START Information supplied
(* Let $T$ be a supercritical Bienaym\'e–Galton–Watson tree as in the context, with extinction probability $q$ and offspring generating function $f$, and let $\varepsilon_0>0$ satisfy $0<q+2\varepsilon_0<1$ and $f'(q+2\varepsilon_0)+2\varepsilon_0<1$. Let $\mathcal P$ be a (measurable) property of rooted labelled trees with resistances on their edges, and suppose $$\Pr\{T^j\text{ does not have property }\mathcal P\mid \langle j\rangle\in T_1\}\le q+2\varepsilon_0.$$ Then (a) with probability one, for every infinite path $\langle i_1\rangle,\langle i_1,i_2\rangle,\dots$ in $T$ there exist infinitely many $n$ and integers $j_{n+1}\ne i_{n+1}$ with $\langle i_1,\dots,i_n,j_{n+1}\rangle\in T$ and such that $T^{j_{n+1}}(i_1,\dots,i_n)$ has property $\mathcal P$; (b) if $\Gamma(i_1,\dots,i_n)$ denotes the number of $k\in\{2,\dots,n\}$ for which there exists $j_k\ne i_k$ with $\langle i_1,\dots,i_{k-1},j_k\rangle\in T$ and $T^{j_k}(i_1,\dots,i_{k-1})$ having property $\mathcal P$, then there are constants $0<C_1,C_2<\infty$ such that for all $n\ge 2$ $$\Pr\Big\{T_n\ne\emptyset\text{ and }\min_{\langle i_1,\dots,i_n\rangle\in T_n}\Gamma(i_1,\dots,i_n)\le C_1 n\Big\}\le e^{-C_2 n}.$$
   Context: $T$ is the Ulam–Harris-labelled family tree of a Bienaym\'e–Galton–Watson process with $Z_0=1$, offspring mean $1<\gamma=\mathbb E Z_1<\infty$, offspring generating function $f(z)=\sum_n\Pr\{Z_1=n\}z^n$ and extinction probability $q<1$; root $\langle 0\rangle$, children of $\langle i_1,\dots,i_{k-1}\rangle$ are $\langle i_1,\dots,i_k\rangle$; $T_k$ is the $k$th generation. Each edge has an independent resistance with distribution function $F$ on $[0,\infty)$, independent of the tree. For $\langle i_1,\dots,i_n,j\rangle\in T$ ($n\ge 0$; for $n=0$ read $\langle i_1,\dots,i_n\rangle$ as $\langle 0\rangle$), $T^j(i_1,\dots,i_n)$ is the subtree of $T$ (with its resistances) whose vertices are $\langle i_1,\dots,i_n\rangle$, $\langle i_1,\dots,i_n,j\rangle$ and all descendants of $\langle i_1,\dots,i_n,j\rangle$, rooted at $\langle i_1,\dots,i_n\rangle$; $T^j=T^j(0)$. *)

theory Defs
  imports "HOL-Probability.Probability"
begin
END Information supplied
Exact repetition of every entry in the data is required.

(* Let $T$ be a supercritical Bienaym\'e–Galton–Watson tree as in the context, with extinction probability $q$ and offspring generating function $f$, and let $\varepsilon_0>0$ satisfy $0<q+2\varepsilon_0<1$ and $f'(q+2\varepsilon_0)+2\varepsilon_0<1$. Let $\mathcal P$ be a (measurable) property of rooted labelled trees with resistances on their edges, and suppose $$\Pr\{T^j\text{ does not have property }\mathcal P\mid \langle j\rangle\in T_1\}\le q+2\varepsilon_0.$$ Then (a) with probability one, for every infinite path $\langle i_1\rangle,\langle i_1,i_2\rangle,\dots$ in $T$ there exist infinitely many $n$ and integers $j_{n+1}\ne i_{n+1}$ with $\langle i_1,\dots,i_n,j_{n+1}\rangle\in T$ and such that $T^{j_{n+1}}(i_1,\dots,i_n)$ has property $\mathcal P$; (b) if $\Gamma(i_1,\dots,i_n)$ denotes the number of $k\in\{2,\dots,n\}$ for which there exists $j_k\ne i_k$ with $\langle i_1,\dots,i_{k-1},j_k\rangle\in T$ and $T^{j_k}(i_1,\dots,i_{k-1})$ having property $\mathcal P$, then there are constants $0<C_1,C_2<\infty$ such that for all $n\ge 2$ $$\Pr\Big\{T_n\ne\emptyset\text{ and }\min_{\langle i_1,\dots,i_n\rangle\in T_n}\Gamma(i_1,\dots,i_n)\le C_1 n\Big\}\le e^{-C_2 n}.$$
   Context: $T$ is the Ulam–Harris-labelled family tree of a Bienaym\'e–Galton–Watson process with $Z_0=1$, offspring mean $1<\gamma=\mathbb E Z_1<\infty$, offspring generating function $f(z)=\sum_n\Pr\{Z_1=n\}z^n$ and extinction probability $q<1$; root $\langle 0\rangle$, children of $\langle i_1,\dots,i_{k-1}\rangle$ are $\langle i_1,\dots,i_k\rangle$; $T_k$ is the $k$th generation. Each edge has an independent resistance with distribution function $F$ on $[0,\infty)$, independent of the tree. For $\langle i_1,\dots,i_n,j\rangle\in T$ ($n\ge 0$; for $n=0$ read $\langle i_1,\dots,i_n\rangle$ as $\langle 0\rangle$), $T^j(i_1,\dots,i_n)$ is the subtree of $T$ (with its resistances) whose vertices are $\langle i_1,\dots,i_n\rangle$, $\langle i_1,\dots,i_n,j\rangle$ and all descendants of $\langle i_1,\dots,i_n,j\rangle$, rooted at $\langle i_1,\dots,i_n\rangle$; $T^j=T^j(0)$. *)

theory Defs
  imports "HOL-Probability.Probability"
begin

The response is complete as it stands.